## Working data
(* Let $L$ be a finite-dimensional pure, nonnilpotent, solvable Lie algebra over $\mathbb{C}$ of breadth $2$ such that $\dim[L,L]=2$ and $\dim L^k=2$ for all integers $k\geq 2$. Then there exists an abelian subalgebra $A$ of $L$ such that $L=A\ltimes[L,L]$ (i.e. $L=A\oplus[L,L]$ as vector spaces, with $[L,L]$ an ideal).
   Context: For $x\in L$, $b(x)=\mathrm{rank}(\mathrm{ad}_x)$ and the breadth of $L$ is $b(L)=\max\{b(x)\mid x\in L\}$. $L$ is pure if it has no abelian ideal as a direct summand; equivalently $Z(L)\subseteq[L,L]$, where $Z(L)$ is the center. The lower central series is indexed by $L^0=L$, $L^1=[L,L]$, $L^k=[L,L^{k-1}]$ for $k\geq 2$. *)

theory Defs
  imports Complex_Main
begin

text \<open>The whole type is L.\<close>

definition lie_algebra :: "(complex \<Rightarrow> 'a::ab_group_add \<Rightarrow> 'a) \<Rightarrow> ('a \<Rightarrow> 'a \<Rightarrow> 'a) \<Rightarrow> bool" where
  "lie_algebra sc br \<longleftrightarrow>
     vector_space sc \<and>
     (\<forall>x y z. br (x + y) z = br x z + br y z) \<and>
     (\<forall>x y z. br x (y + z) = br x y + br x z) \<and>
     (\<forall>c x y. br (sc c x) y = sc c (br x y)) \<and>
     (\<forall>c x y. br x (sc c y) = sc c (br x y)) \<and>
     (\<forall>x. br x x = 0) \<and>
     (\<forall>x y z. br x (br y z) + br y (br z x) + br z (br x y) = 0)"

definition finite_dim_lie :: "(complex \<Rightarrow> 'a::ab_group_add \<Rightarrow> 'a) \<Rightarrow> bool" where
  "finite_dim_lie sc \<longleftrightarrow> (\<exists>S. finite S \<and> module.span sc S = UNIV)"

fun lcs :: "(complex \<Rightarrow> 'a::ab_group_add \<Rightarrow> 'a) \<Rightarrow> ('a \<Rightarrow> 'a \<Rightarrow> 'a) \<Rightarrow> nat \<Rightarrow> 'a set" where
  "lcs sc br 0 = UNIV"
| "lcs sc br (Suc k) = module.span sc {br x y | x y. y \<in> lcs sc br k}"

fun derived_series :: "(complex \<Rightarrow> 'a::ab_group_add \<Rightarrow> 'a) \<Rightarrow> ('a \<Rightarrow> 'a \<Rightarrow> 'a) \<Rightarrow> nat \<Rightarrow> 'a set" where
  "derived_series sc br 0 = UNIV"
| "derived_series sc br (Suc k) =
     module.span sc {br x y | x y. x \<in> derived_series sc br k \<and> y \<in> derived_series sc br k}"

definition derived_algebra :: "(complex \<Rightarrow> 'a::ab_group_add \<Rightarrow> 'a) \<Rightarrow> ('a \<Rightarrow> 'a \<Rightarrow> 'a) \<Rightarrow> 'a set" where
  "derived_algebra sc br = module.span sc {br x y | x y. True}"

definition lie_solvable where
  "lie_solvable sc br \<longleftrightarrow> (\<exists>k. derived_series sc br k = {0})"

definition lie_nilpotent where
  "lie_nilpotent sc br \<longleftrightarrow> (\<exists>k. lcs sc br k = {0})"

definition lie_center :: "('a \<Rightarrow> 'a \<Rightarrow> 'a::zero) \<Rightarrow> 'a set" where
  "lie_center br = {z. \<forall>x. br z x = 0}"

text \<open>Pure: Z(L) contained in [L,L] (equivalent to having no abelian direct summand ideal).\<close>
definition lie_pure where
  "lie_pure sc br \<longleftrightarrow> lie_center br \<subseteq> derived_algebra sc br"

definition elem_breadth :: "(complex \<Rightarrow> 'a::ab_group_add \<Rightarrow> 'a) \<Rightarrow> ('a \<Rightarrow> 'a \<Rightarrow> 'a) \<Rightarrow> 'a \<Rightarrow> nat" where
  "elem_breadth sc br x = vector_space.dim sc (range (br x))"

definition lie_breadth :: "(complex \<Rightarrow> 'a::ab_group_add \<Rightarrow> 'a) \<Rightarrow> ('a \<Rightarrow> 'a \<Rightarrow> 'a) \<Rightarrow> nat" where
  "lie_breadth sc br = Max (range (elem_breadth sc br))"

end

theory Submission
  imports Defs
begin

(* D is abelian: otherwise it is the two-dimensional non-abelian Lie algebra, and every derivation
   of it, in particular every ad y, maps D into the line [D,D], contradicting [L,D] = D.
   Hence the restrictions of the ad y to D commute.  If all of them were singular, the kernel line
   of one of them would be a common eigenline, and the triangular form of the ad y with respect to
   it, together with [L,D] = D and the fact that D meets the centre trivially, yields an ad x that
   is injective on D after all.  For such an x, ad x is bijective on D and its kernel A is an
   abelian complement of D: for a, b in A the element [a,b] of D is killed by the derivation ad x,
   and every y differs from an element of D by an element of A since [x,y] lies in D = [x,D]. *)

context vector_space
begin

lemma independent_card_ge_imp_span_subset:
  assumes "finite B" "independent C" "C \<subseteq> span B" "card B \<le> card C"
  shows "span B \<subseteq> span C"
proof (rule span_minimal)
  have C_bound: "finite C" "card C \<le> card B"
    using independent_span_bound[OF assms(1-3)] by auto
  show "B \<subseteq> span C"
  proof
    fix b assume "b \<in> B"
    show "b \<in> span C"
    proof (rule ccontr)
      assume b: "b \<notin> span C"
      then have "b \<notin> C" using span_base by blast
      have "independent (insert b C)" "insert b C \<subseteq> span B"
        using b assms(2,3) \<open>b \<in> B\<close> by (auto simp: independent_insert span_base)
      then have "card (insert b C) \<le> card B"
        using independent_span_bound[OF assms(1)] by blast
      then show False using C_bound assms(4) \<open>b \<notin> C\<close> by simp
    qed
  qed
qed simp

## Directions
Only the lines above starting at the one containing "of one of them" and ending at the one containing "is injective on", both included, are to be returned, exactly as they read.

## Solved exercise
   of one of them would be a common eigenline, and the triangular form of the ad y with respect to
   it, together with [L,D] = D and the fact that D meets the centre trivially, yields an ad x that
   is injective on D after all.  For such an x, ad x is bijective on D and its kernel A is an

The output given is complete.